Once the symbols click and the initial friction disappears, you realize just how deep this tactical fencing match really is. Best of all, Zenith has earned a permanent spot on my shelf as a fantastic low spoon game. Once you internalize the iconography, there is almost zero maintenance or exhausting upkeep. You can just lean back, enjoy a satisfying 30-minute engine builder, and get your strategy fix without draining your mental battery.

Let’s break down how it works, why the puzzle is so satisfying, and a quick visual guide to getting it to the table.

How It Plays

Your ultimate goal in Zenith is to pull influence discs from five different planets over to your side of the board. The turn structure is elegantly simple: you play one card from your hand to execute one of three actions:

  1. Recruit an Agent: Place a card into a planet’s lane to pull its influence disc closer to you.
  2. Develop a Technology: Climb a faction’s tech track to unlock permanent bonus actions.
  3. Take Leadership: Claim a quick resource boost and permanently increase your maximum hand size.
The Juicy Part: Stacking Discounts

The absolute highlight of the game is the way it handles card economy. Every single card you play into a planet’s lane permanently reduces the cost of future cards in that exact same lane by 1.

By strategically building up your columns, high cost, powerhouse cards eventually become completely free to play. Pulling off a massive, game-changing combo for zero cost feels absolutely amazing every single time.

This is where the central tug-of-war happens. When you play cards into a planet’s lane, you trigger its immediate actions and physically pull the corresponding planet disc toward your side of the table.

Card Anatomy

Understanding a Zenith card is the key to mastering the game’s flow:

  • Top Left: The raw cost to play the card.
  • Top Right: The card’s Suit (critical for triggering other board actions).
  • Bottom: The immediate actions triggered when the card is played.

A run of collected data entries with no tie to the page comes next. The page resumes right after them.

lemma override_on_disjoint_dep:
  assumes "finite F" and "F \<inter> dep f = {}"
  shows "f (override_on u v F) = f u"
  using assms
proof (induction F rule: finite_induct)
  case (insert y F)
  then have "y \<notin> dep f"
    by blast
  then have "f ((override_on u v F)(y := v y)) = f (override_on u v F)"
    by (metis not_in_dep_iff)
  also have "\<dots> = f u"
    using insert by blast
  finally show ?case
    by (simp only: override_on_insert)
qed simp

lemma dep_cong:
  fixes f :: "('x::finite) bfun"
  assumes "\<And>y. y \<in> dep f \<Longrightarrow> u y = v y"
  shows "f u = f v"
proof -
  have "f (override_on u v {y. u y \<noteq> v y}) = f u"
    by (rule override_on_disjoint_dep) (use assms in auto)
  moreover have "override_on u v {y. u y \<noteq> v y} = v"
    by (rule ext) (simp add: override_on_def)
  ultimately show ?thesis
    by simp
qed

lemma dep_override_on_subset: "dep (\<lambda>u. f (override_on u v G)) \<subseteq> dep f - G"
proof
  fix x
  assume x: "x \<in> dep (\<lambda>u. f (override_on u v G))"
  have unchanged: "f (override_on (u(x := c)) v G) = f (override_on u v G)"
    if "x \<notin> dep f \<or> x \<in> G" for u c
  proof (cases "x \<in> G")
    case False
    have "override_on (u(x := c)) v G = (override_on u v G)(x := c)"
      by (rule ext) (use False in \<open>simp add: override_on_def\<close>)
    with False that show ?thesis
      by (simp add: not_in_dep_iff)
  next
    case True
    have "override_on (u(x := c)) v G = override_on u v G"
      by (rule ext) (use True in \<open>simp add: override_on_def\<close>)
    then show ?thesis
      by simp
  qed
  show "x \<in> dep f - G"
  proof (rule ccontr)
    assume "x \<notin> dep f - G"
    then have "\<forall>u c. f (override_on (u(x := c)) v G) = f (override_on u v G)"
      using unchanged by blast
    then have "x \<notin> dep (\<lambda>u. f (override_on u v G))"
      unfolding not_in_dep_iff by blast
    with x show False
      by contradiction
  qed
qed

lemma dep_bvar: "dep (bvar x) = {x}"
  by (auto simp: dep_def cof_def bvar_def fun_eq_iff)

definition forces :: "'x bfun \<Rightarrow> 'x set \<Rightarrow> bool" where
  "forces f S \<longleftrightarrow> (\<exists>u. \<forall>w. f (override_on w u S))"

lemma dominating_eq_forces: "dominating f S = of_bool (forces f S)"
  by (simp add: dominating_def forces_def override_on_def)

lemma forces_mono:
  assumes "S \<subseteq> T" and "forces f S"
  shows "forces f T"
proof -
  obtain u where u: "\<And>w. f (override_on w u S)"
    using assms(2) by (auto simp: forces_def)
  have "override_on (override_on w u T) u S = override_on w u T" for w
    by (rule ext) (use assms(1) in \<open>auto simp: override_on_def\<close>)
  then show ?thesis
    unfolding forces_def using u by metis
qed

lemma forces_mono_fun:
  assumes "f \<le> h" and "forces f S"
  shows "forces h S"
  using assms by (auto simp: forces_def le_fun_def)

lemma forces_insert_iff:
  assumes "x \<notin> dep f"
  shows "forces f (insert x S) \<longleftrightarrow> forces f S"
proof
  assume "forces f (insert x S)"
  then obtain u where u: "\<And>w. f (override_on w u (insert x S))"
    by (auto simp: forces_def)
  have "f (override_on w u S) = f (override_on w u (insert x S))" for w
    using assms by (simp add: override_on_insert not_in_dep_iff)
  with u show "forces f S"
    unfolding forces_def by metis
qed (auto intro: forces_mono)

lemma forces_Diff_iff:
  assumes "x \<notin> dep f"
  shows "forces f (S - {x}) \<longleftrightarrow> forces f S"
  using forces_insert_iff[OF assms, of "S - {x}"] forces_insert_iff[OF assms, of S] by simp

lemma forces_literal: "forces (\<lambda>u. u x = b) S \<longleftrightarrow> x \<in> S"
proof
  assume "forces (\<lambda>u. u x = b) S"
  then obtain u where "\<And>w. override_on w u S x = b"
    by (auto simp: forces_def)
  from this[of "\<lambda>_. \<not> b"] show "x \<in> S"
    by (cases "x \<in> S") auto
qed (auto simp: forces_def intro: exI[of _ "\<lambda>_. b"])

lemma forces_conj_iff:
  fixes g h :: "('x::finite) bfun"
  assumes disj: "dep g \<inter> dep h = {}"
  shows "forces (\<lambda>u. g u \<and> h u) S \<longleftrightarrow> forces g S \<and> forces h S"
proof
  assume "forces g S \<and> forces h S"
  then obtain u\<^sub>g u\<^sub>h where g: "\<And>w. g (override_on w u\<^sub>g S)" and h: "\<And>w. h (override_on w u\<^sub>h S)"
    by (auto simp: forces_def)
  define u where "u = override_on u\<^sub>h u\<^sub>g (dep g)"
  have "g (override_on w u S) = g (override_on w u\<^sub>g S)" for w
    by (rule dep_cong[of g]) (simp add: u_def override_on_def)
  moreover have "h (override_on w u S) = h (override_on w u\<^sub>h S)" for w
    by (rule dep_cong[of h]) (use disj in \<open>auto simp: u_def override_on_def\<close>)
  ultimately show "forces (\<lambda>u. g u \<and> h u) S"
    unfolding forces_def using g h by metis
qed (auto simp: forces_def)
lemma abs_sin_div_diff_le:
  assumes "0 \<le> t"
  shows "\<bar>sin_div a t - sin_div b t\<bar> \<le> t\<^sup>2 * \<bar>a - b\<bar>"
proof -
  have "((\<lambda>s. cos (a * s) - cos (b * s)) has_integral sin_div a t - sin_div b t) {0..t}"
    using assms by (intro has_integral_diff sin_div_has_integral)
  moreover have "\<bar>cos (a * s) - cos (b * s)\<bar> \<le> t * \<bar>a - b\<bar>" if "s \<in> {0..t}" for s
    using that by (intro order_trans[OF abs_cos_mult_diff_le] mult_right_mono) auto
  ultimately show ?thesis
    using has_integral_bound[of "t * \<bar>a - b\<bar>" "\<lambda>s. cos (a * s) - cos (b * s)" _ 0 t] assms
    by (simp add: power2_eq_square mult_ac)
qed

lemma norm_scaleR_add_square_le:
  fixes x y :: "'a::real_normed_vector"
  assumes "\<bar>c\<bar> \<le> C" "\<bar>d\<bar> \<le> D"
  shows "(norm (c *\<^sub>R x + d *\<^sub>R y))\<^sup>2 \<le> 2 * C\<^sup>2 * (norm x)\<^sup>2 + 2 * D\<^sup>2 * (norm y)\<^sup>2"
proof -
  have "norm (c *\<^sub>R x + d *\<^sub>R y) \<le> C * norm x + D * norm y"
    using norm_triangle_ineq[of "c *\<^sub>R x" "d *\<^sub>R y"] assms
    by (smt (verit) mult_right_mono norm_ge_zero norm_scaleR)
  then have "(norm (c *\<^sub>R x + d *\<^sub>R y))\<^sup>2 \<le> (C * norm x + D * norm y)\<^sup>2"
    by (intro power_mono) auto
  also have "\<dots> \<le> 2 * C\<^sup>2 * (norm x)\<^sup>2 + 2 * D\<^sup>2 * (norm y)\<^sup>2"
    using sum_squares_ge_zero[of "C * norm x - D * norm y" 0]
    by (simp add: power2_eq_square algebra_simps)
  finally show ?thesis .
qed
(* For $\delta\in[0,1]$ and every integer $n\ge 2$: (a) $\varepsilon_{1\times n}(\delta)=\delta$ if $\delta\in[0,\tfrac12)$, and $\varepsilon_{1\times n}(\delta)=1$ if $\delta\in[\tfrac12,1]$; (b) $\varepsilon_{2\times 2}(\delta)=\dfrac{2\delta}{1+\delta}$ if $\delta\in[0,\tfrac12)$, and $\varepsilon_{2\times 2}(\delta)=1$ if $\delta\in[\tfrac12,1]$; (c) $\varepsilon_{2\times 2}(\delta)\le\varepsilon(\delta)\le (2\delta)\wedge 1$.
   Context: A pair of random variables $(X,Y)$ on a probability space $(\Omega,\mathcal F,P)$ is called coherent if there exist an event $A\in\mathcal F$ and sub-$\sigma$-fields $\mathcal G,\mathcal H\subseteq\mathcal F$ with $X=P(A\mid\mathcal G)$ and $Y=P(A\mid\mathcal H)$; equivalently $0\le X,Y\le 1$, $X=P(A\mid X)$ and $Y=P(A\mid Y)$ for some event $A$. Such a pair is called $m\times n$ coherent if $X$ takes at most $m$ possible values and $Y$ at most $n$ possible values. For $\delta\in[0,1]$ define $\varepsilon(\delta)=\sup P(|X-Y|\ge 1-\delta)$, the supremum over all coherent pairs $(X,Y)$ (on all probability spaces), and $\varepsilon_{m\times n}(\delta)$ the same supremum restricted to $m\times n$ coherent pairs. Notation: $x\wedge y=\min(x,y)$. *)

theory Defs
  imports "HOL-Probability.Probability"
begin

definition is_cond_prob :: "'a measure \<Rightarrow> 'a set \<Rightarrow> 'a measure \<Rightarrow> ('a \<Rightarrow> real) \<Rightarrow> bool" where
  "is_cond_prob M A G X \<longleftrightarrow>
     subalgebra M G \<and> X \<in> borel_measurable G \<and>
     (AE \<omega> in M. X \<omega> = real_cond_exp M G (indicator A) \<omega>)"

definition coherent :: "'a measure \<Rightarrow> ('a \<Rightarrow> real) \<Rightarrow> ('a \<Rightarrow> real) \<Rightarrow> bool" where
  "coherent M X Y \<longleftrightarrow> prob_space M \<and>
     (\<exists>A \<in> sets M. \<exists>G H. is_cond_prob M A G X \<and> is_cond_prob M A H Y)"

definition coherent_mn :: "nat \<Rightarrow> nat \<Rightarrow> 'a measure \<Rightarrow> ('a \<Rightarrow> real) \<Rightarrow> ('a \<Rightarrow> real) \<Rightarrow> bool" where
  "coherent_mn m n M X Y \<longleftrightarrow> coherent M X Y \<and>
     finite (X ` space M) \<and> card (X ` space M) \<le> m \<and>
     finite (Y ` space M) \<and> card (Y ` space M) \<le> n"

definition eps_vals :: "'a itself \<Rightarrow> real \<Rightarrow> real set" where
  "eps_vals _ \<delta> = {measure M {\<omega> \<in> space M. 1 - \<delta> \<le> \<bar>X \<omega> - Y \<omega>\<bar>} | (M :: 'a measure) X Y.
      coherent M X Y}"

definition eps_mn_vals :: "'a itself \<Rightarrow> nat \<Rightarrow> nat \<Rightarrow> real \<Rightarrow> real set" where
  "eps_mn_vals _ m n \<delta> = {measure M {\<omega> \<in> space M. 1 - \<delta> \<le> \<bar>X \<omega> - Y \<omega>\<bar>} | (M :: 'a measure) X Y.
      coherent_mn m n M X Y}"

text \<open>The supremum over ALL probability
  spaces is expressed in the main statement by: the value bounds the supremum for every
  type 'a, and is attained as supremum for the (rich enough) type real.\<close>
definition eps_on :: "'a itself \<Rightarrow> real \<Rightarrow> real" where
  "eps_on t \<delta> = Sup (eps_vals t \<delta>)"

definition eps_mn_on :: "'a itself \<Rightarrow> nat \<Rightarrow> nat \<Rightarrow> real \<Rightarrow> real" where
  "eps_mn_on t m n \<delta> = Sup (eps_mn_vals t m n \<delta>)"

end

(*
  Let D be the event |X - Y| >= 1 - delta; for delta >= 1/2 the bounds are trivial, so let
  delta < 1/2.  Then D is the disjoint union of D+ = {Y - X >= 1 - delta} and
  D- = {X - Y >= 1 - delta}, and D- is D+ for the coherent pair (1 - Y, 1 - X) of the
  complementary event.  Everything rests on one mass inequality: if
  X <= x on a G-measurable set S and Y >= y on an H-measurable set T, then
    (y - x) P(S & T) <= x P(S - T) + (1 - y) P(T - S),
  because P(A & S) <= x P(S) and P(A & T) >= y P(T).
  With S = {X <= delta} and T = {Y >= 1 - delta} it gives P(D+) <= delta (P S + P T), hence (c).
  If D+ lies in a level set {X = x}, then D+ = S & T for S = {X = x}, T = {Y >= x + 1 - delta},
  and S - T, T - S avoid D, so (1 - delta) P(D+) <= delta (1 - P(D)); likewise for level sets
  of Y.  For a 2x2 pair D+ always lies in such a level set, since otherwise X <= delta and
  Y >= 1 - delta everywhere, contradicting E X = P(A) = E Y.  Adding the estimates for D+ and D-
  yields P(D) <= 2 delta / (1 + delta); when X is constant one of D+, D- is empty, which yields
  delta.  Both values are attained by explicit finite examples.
*)

theory Submission
  imports Defs
begin

section \<open>Conditional probabilities\<close>

definition unit_clamp :: "real \<Rightarrow> real" where
  "unit_clamp t = max 0 (min 1 t)"

context prob_space
begin

lemma integrable_indicator_real [simp]:
  "B \<in> sets M \<Longrightarrow> integrable M (indicator B :: 'a \<Rightarrow> real)"
  by (intro integrable_real_indicator) (auto simp: less_top[symmetric])

lemma set_integral_indicator_eq_measure:
  assumes "A \<in> sets M" "B \<in> sets M"
  shows "(LINT \<omega>:B|M. indicator A \<omega>) = measure M (A \<inter> B)"
  unfolding set_lebesgue_integral_def
  using assms by (simp add: indicator_inter_arith[symmetric] Int_commute)

lemma is_cond_prob_sets_subset:
  "is_cond_prob M A G X \<Longrightarrow> B \<in> sets G \<Longrightarrow> B \<in> sets M"
  unfolding is_cond_prob_def subalgebra_def by auto

lemma is_cond_prob_space [simp]:
  "is_cond_prob M A G X \<Longrightarrow> space G = space M"
  unfolding is_cond_prob_def subalgebra_def by auto

lemma is_cond_prob_measurable:
  "is_cond_prob M A G X \<Longrightarrow> X \<in> borel_measurable M"
  unfolding is_cond_prob_def using measurable_from_subalg by blast

lemma is_cond_prob_integrable:
  assumes "is_cond_prob M A G X" "A \<in> sets M"
  shows "integrable M X"
proof -
  interpret finite_measure_subalgebra M G
    using assms(1) unfolding is_cond_prob_def by unfold_locales auto
  show ?thesis
    using assms is_cond_prob_measurable[OF assms(1)] real_cond_exp_int(1)[of "indicator A"]
    unfolding is_cond_prob_def by (auto intro: integrable_cong_AE_imp)
qed

lemma is_cond_prob_set_integral:
  assumes "is_cond_prob M A G X" "A \<in> sets M" "B \<in> sets G"
  shows "(LINT \<omega>:B|M. X \<omega>) = measure M (A \<inter> B)"
proof -
  interpret finite_measure_subalgebra M G
    using assms(1) unfolding is_cond_prob_def by unfold_locales auto
  have B: "B \<in> sets M" using is_cond_prob_sets_subset[OF assms(1,3)] .
  have "(LINT \<omega>:B|M. X \<omega>) = (LINT \<omega>:B|M. real_cond_exp M G (indicator A) \<omega>)"
    unfolding set_lebesgue_integral_def
    using assms(1) B is_cond_prob_measurable[OF assms(1)]
    by (intro integral_cong_AE) (auto simp: is_cond_prob_def)
  also have "\<dots> = measure M (A \<inter> B)"
    using real_cond_exp_intA[of "indicator A" B] assms(2,3) B
    by (simp add: set_integral_indicator_eq_measure)
  finally show ?thesis .
qed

💡 Example in Action: If a powerful card (like the Khan) normally has a high print cost, but you already have a well-established lane, those stacked -1 discounts apply directly. That Khan card might only cost you 6 resources – or even less to get into play.

The Action Boards
  • Take Leadership Board: Discard a matching card suit here to claim immediate actions and grab the Leadership Tile, which permanently grants you a higher hand limit.
  • Develop Technology Board: Discard a matching card suit and pay the required influence to climb the tracks, unlocking powerful permanent bonuses for the rest of the game.
Final Thoughts: Don’t Sleep on This One

Zenith proves that first impressions can be incredibly deceiving. What felt confusing at first transforms into a slick, fast-paced, high-reward tactical puzzle.

If you haven’t tried it yet, now is the perfect time to pick it up. PlayPunk Games recently announced the Secret Agents expansion dropping this July. It promises to bring fresh card variety with minimal rules overhead – meaning it won’t ruin the low-upkeep nature that makes the base game so special.

Get the base game to the table now before the expansion lands!